The mining finance style wants to replace if the industry wants to compete with the tech sector, according to Scott Clements of Tribeca Investment Partners Singapore.
Speaking on the first day of the Tribeca Future Facing Commodities convention in Singapore, Clements said the three key investment themes for 2024 were energy transition and decarbonization, reshoring of supply chains, synthetic intelligence and big tech.
So far, however, investment flows have been directed towards very limited targets.
Clements said what’s missing is that all three investment themes would create increased demand for electricity and raw materials that feed supply chains.
He used copper as an example, and new requests for copper mined from synthetic intelligence knowledge centers are expected to increase at a time of declining production from projects in operation.
“That hole in 2030 will be about 7 million tons globally,” Clements said.
For comparison, global companies like mine, BHP and Rio Tinto’s Escondida in Chile, produce around 1 million tonnes per year.
“You’ll potentially want seven,” Clements said.
Clements said the current style of the extractive industry is too slow and generates S figures.

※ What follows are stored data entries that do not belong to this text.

lemma conv_powr_Phi_one_bounded:
  fixes a :: real
  assumes a: "0 \<le> a" "a < CARD('n)"
  shows "\<exists>C. \<forall>\<xi>::real^'n. conv_powr a Phi (\<xi>, 1) \<le> C"
proof (intro exI allI)
  fix \<xi> :: "real^'n"
  define A where "A = (4 * pi) powr (- real CARD('n) / 2)"
  have "Phi (\<xi> - y, 1) * norm y powr -a \<le> A * (indicator (cball 0 1) y * norm y powr -a) + Phi (\<xi> - y, 1)"
    for y :: "real^'n"
  proof (cases "y \<in> cball 0 1")
    case True
    then show ?thesis
      using mult_right_mono[OF Phi_one_le[of "\<xi> - y"], of "norm y powr -a"] Phi_nonneg[of "(\<xi> - y, 1)"]
      by (simp add: A_def)
  next
    case False
    then have "norm y powr -a \<le> 1 powr -a" using a by (intro powr_mono2') auto
    from mult_left_mono[OF this Phi_nonneg[of "(\<xi> - y, 1)"]] False show ?thesis by simp
  qed
  then have "conv_powr a Phi (\<xi>, 1)
      \<le> (\<integral>y. A * (indicator (cball 0 1) y * norm y powr -a) + Phi (\<xi> - y, 1) \<partial>lborel)"
    unfolding conv_powr_def fst_conv snd_conv
    by (intro integral_mono conv_powr_Phi_integrable Bochner_Integration.integrable_add
        integrable_mult_right norm_powr_ball_integrable Phi_one_shift_integrable) (use a in auto)
  also have "\<dots> = A * (\<integral>y. indicator (cball (0::real^'n) 1) y * norm y powr -a \<partial>lborel)
      + (\<integral>z. Phi (z :: real^'n, 1) \<partial>lborel)"
    using a by (simp add: norm_powr_ball_integrable Phi_one_shift_integrable Phi_one_shift_integral)
  finally show "conv_powr a Phi (\<xi>, 1) \<le> \<dots>" .
qed

lemma Phi_one_norm_powr_split_le:
  fixes \<xi> y :: "real^'n" and a :: real
  assumes a: "0 \<le> a" and \<xi>: "\<xi> \<noteq> 0"
  shows "Phi (\<xi> - y, 1) * norm y powr -a \<le> 2 powr a * norm \<xi> powr -a * Phi (\<xi> - y, 1)
    + (4 * pi) powr (- real CARD('n) / 2) * exp (- (norm \<xi>)\<^sup>2 / 16)
      * (indicator (cball 0 1) y * norm y powr -a + indicator (cball 0 (norm \<xi> / 2)) y)"
    (is "_ \<le> ?near + ?A * ?e * ?w")
proof -
  define r where "r = norm \<xi>"
  have r: "0 < r" using \<xi> by (simp add: r_def)
  have far_nonneg: "0 \<le> ?A * ?e * ?w" by (intro mult_nonneg_nonneg add_nonneg_nonneg) auto
  have near_nonneg: "0 \<le> ?near" by (simp add: Phi_nonneg)
  have near: "Phi (\<xi> - y, 1) * norm y powr -a \<le> ?near" if "r / 2 \<le> norm y"
  proof -
    have "norm y powr -a \<le> (r / 2) powr -a" using that r a by (intro powr_mono2') auto
    also have "\<dots> = 2 powr a * r powr -a" using r by (simp add: powr_divide powr_minus_divide)
    finally have "norm y powr -a \<le> 2 powr a * r powr -a" .
    from mult_left_mono[OF this Phi_nonneg[of "(\<xi> - y, 1)"]] show ?thesis
      by (simp add: r_def mult_ac)
  qed
  have far: "Phi (\<xi> - y, 1) * norm y powr -a \<le> ?A * ?e * ?w" if y: "norm y < r / 2"
  proof -
    have "r / 2 \<le> norm (\<xi> - y)" using y norm_triangle_ineq2[of \<xi> y] unfolding r_def by linarith
    then have "(r / 2)\<^sup>2 \<le> (norm (\<xi> - y))\<^sup>2" using r by (intro power_mono) auto
    then have "Phi (\<xi> - y, 1) \<le> ?A * ?e"
      unfolding Phi_one r_def by (intro mult_left_mono) (auto simp: power_divide)
    moreover have "norm y powr -a \<le> ?w"
    proof (cases "norm y \<le> 1")
      case False
      then have "norm y powr -a \<le> 1 powr -a" using a by (intro powr_mono2') auto
      then show ?thesis using False y by (simp add: r_def)
    qed simp
    ultimately show ?thesis by (intro mult_mono) (auto simp: Phi_nonneg)
  qed
  show ?thesis
  proof (cases "r / 2 \<le> norm y")
    case True
    show ?thesis by (rule add_increasing2[OF far_nonneg near[OF True]])
  next
    case False
    then show ?thesis by (intro add_increasing[OF near_nonneg far]) simp
  qed
qed
definition tree_decomposition ::
  "'v set \<Rightarrow> 'v set set \<Rightarrow> 'n set \<Rightarrow> 'n \<Rightarrow> ('n \<Rightarrow> 'n) \<Rightarrow> ('n \<Rightarrow> 'v set) \<Rightarrow> bool" where
  "tree_decomposition V E Nd r par \<beta> \<longleftrightarrow> rooted_tree Nd r par \<and>
     (\<forall>t\<in>Nd. \<beta> t \<subseteq> V) \<and>
     (\<forall>v\<in>V. \<exists>t\<in>Nd. v \<in> \<beta> t) \<and>
     (\<forall>e\<in>E. \<exists>t\<in>Nd. e \<subseteq> \<beta> t) \<and>
     (\<forall>v\<in>V. tree_connected r par {t \<in> Nd. v \<in> \<beta> t})"

definition is_leaf_node :: "'n set \<Rightarrow> 'n \<Rightarrow> ('n \<Rightarrow> 'n) \<Rightarrow> ('n \<Rightarrow> 'v set) \<Rightarrow> 'n \<Rightarrow> bool" where
  "is_leaf_node Nd r par \<beta> t \<longleftrightarrow> children Nd r par t = {} \<and> \<beta> t = {}"

definition is_introduce :: "'n set \<Rightarrow> 'n \<Rightarrow> ('n \<Rightarrow> 'n) \<Rightarrow> ('n \<Rightarrow> 'v set) \<Rightarrow> 'n \<Rightarrow> 'v \<Rightarrow> bool" where
  "is_introduce Nd r par \<beta> t w \<longleftrightarrow>
     (\<exists>u. children Nd r par t = {u} \<and> \<beta> t = insert w (\<beta> u) \<and> w \<notin> \<beta> u)"

definition is_forget :: "'n set \<Rightarrow> 'n \<Rightarrow> ('n \<Rightarrow> 'n) \<Rightarrow> ('n \<Rightarrow> 'v set) \<Rightarrow> 'n \<Rightarrow> 'v \<Rightarrow> bool" where
  "is_forget Nd r par \<beta> t w \<longleftrightarrow>
     (\<exists>u. children Nd r par t = {u} \<and> \<beta> t = \<beta> u - {w} \<and> w \<in> \<beta> u)"

definition is_join :: "'n set \<Rightarrow> 'n \<Rightarrow> ('n \<Rightarrow> 'n) \<Rightarrow> ('n \<Rightarrow> 'v set) \<Rightarrow> 'n \<Rightarrow> bool" where
  "is_join Nd r par \<beta> t \<longleftrightarrow>
     (\<exists>u1 u2. u1 \<noteq> u2 \<and> children Nd r par t = {u1, u2} \<and> \<beta> u1 = \<beta> t \<and> \<beta> u2 = \<beta> t)"

definition nice_tree_decomposition ::
  "'v set \<Rightarrow> 'v set set \<Rightarrow> 'n set \<Rightarrow> 'n \<Rightarrow> ('n \<Rightarrow> 'n) \<Rightarrow> ('n \<Rightarrow> 'v set) \<Rightarrow> bool" where
  "nice_tree_decomposition V E Nd r par \<beta> \<longleftrightarrow> tree_decomposition V E Nd r par \<beta> \<and>
     \<beta> r = {} \<and>
     (\<forall>t\<in>Nd. is_leaf_node Nd r par \<beta> t \<or> (\<exists>w. is_introduce Nd r par \<beta> t w) \<or>
              (\<exists>w. is_forget Nd r par \<beta> t w) \<or> is_join Nd r par \<beta> t)"

definition gamma :: "'n set \<Rightarrow> ('n \<Rightarrow> 'n) \<Rightarrow> ('n \<Rightarrow> 'v set) \<Rightarrow> 'n \<Rightarrow> 'v set" where
  "gamma Nd par \<beta> t = \<Union>{\<beta> u | u. descendant Nd par t u}"

definition derived_bag ::
  "'v set \<Rightarrow> 'v set \<Rightarrow> 'v set set \<Rightarrow> 'n set \<Rightarrow> ('n \<Rightarrow> 'n) \<Rightarrow> ('n \<Rightarrow> 'v set) \<Rightarrow> 'n \<Rightarrow> 'v set" where
  "derived_bag VG SG EB Nd par \<beta> t =
     (\<beta> t \<inter> VG) \<union> \<Union>{nbhd EB s \<inter> gamma Nd par \<beta> t | s. s \<in> \<beta> t \<inter> SG}"

definition Original ::
  "'v set \<Rightarrow> 'v set \<Rightarrow> 'v set set \<Rightarrow> 'n set \<Rightarrow> ('n \<Rightarrow> 'n) \<Rightarrow> ('n \<Rightarrow> 'v set) \<Rightarrow> 'n \<Rightarrow> 'v set" where
  "Original VG SG EB Nd par \<beta> t = \<beta> t \<inter> derived_bag VG SG EB Nd par \<beta> t"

“Any first-year finance student could tell you that if you start an assignment that doesn’t make money until you’re 16, it’s pretty hard to sell,” he said.
Complicating the issues is the questionable monetary style of early-stage herbal resource companies.
Clements said a new model, closer to the venture capital model, is needed.
“In my opinion, this wants to be guided by governments and end users,” he said.
“Governments want to lead the way. “
According to Clements, the most important thing governments can do is simplify the authorization process.
He said that in many cases there is too much clash between federal governments and state/territorial/provincial governments.
“There is also a desire for greater responsibility in terms of assembly timelines,” Clements said, adding that this can be achieved without compromising environmental standards.
At the same time, Clements said miners could do more public relations.
He said the public had yet to hear anything negative about mining and pointed to an ABC headline that claimed federal tax profits from mining covered everyone’s salaries and the Australian police.
“These things are very well known,” he said.
According to Clements, minors also want to do more to attract young people.
“The industry is populated by white men in their 50s,” he said.
There are still two mining corporations in the S
Clements cited Andrew Forrest and Gina Rinehart as examples of what can be generated by mining.
“It can generate ordinary wealth,” he said.
A more recent example he used is Azure Minerals, whose price has risen 10-fold since he attended the same convention in Singapore a year ago, thanks to its discovery of lithium in Andover.
Azure will be acquired through Hancock Prospecting from Rinehart and Chile’s SQM for A$1. 7 billion next month.
Azure CEO Tony Rovira made his final presentation for Azure at today’s convention before “heading out into the sunset. “
He said that if he had invested A$10,000 in Azure a year ago, it would be worth A$112,000 today.
“Azure Minerals is an example of what you can do if you invest in the right company,” Rovira said.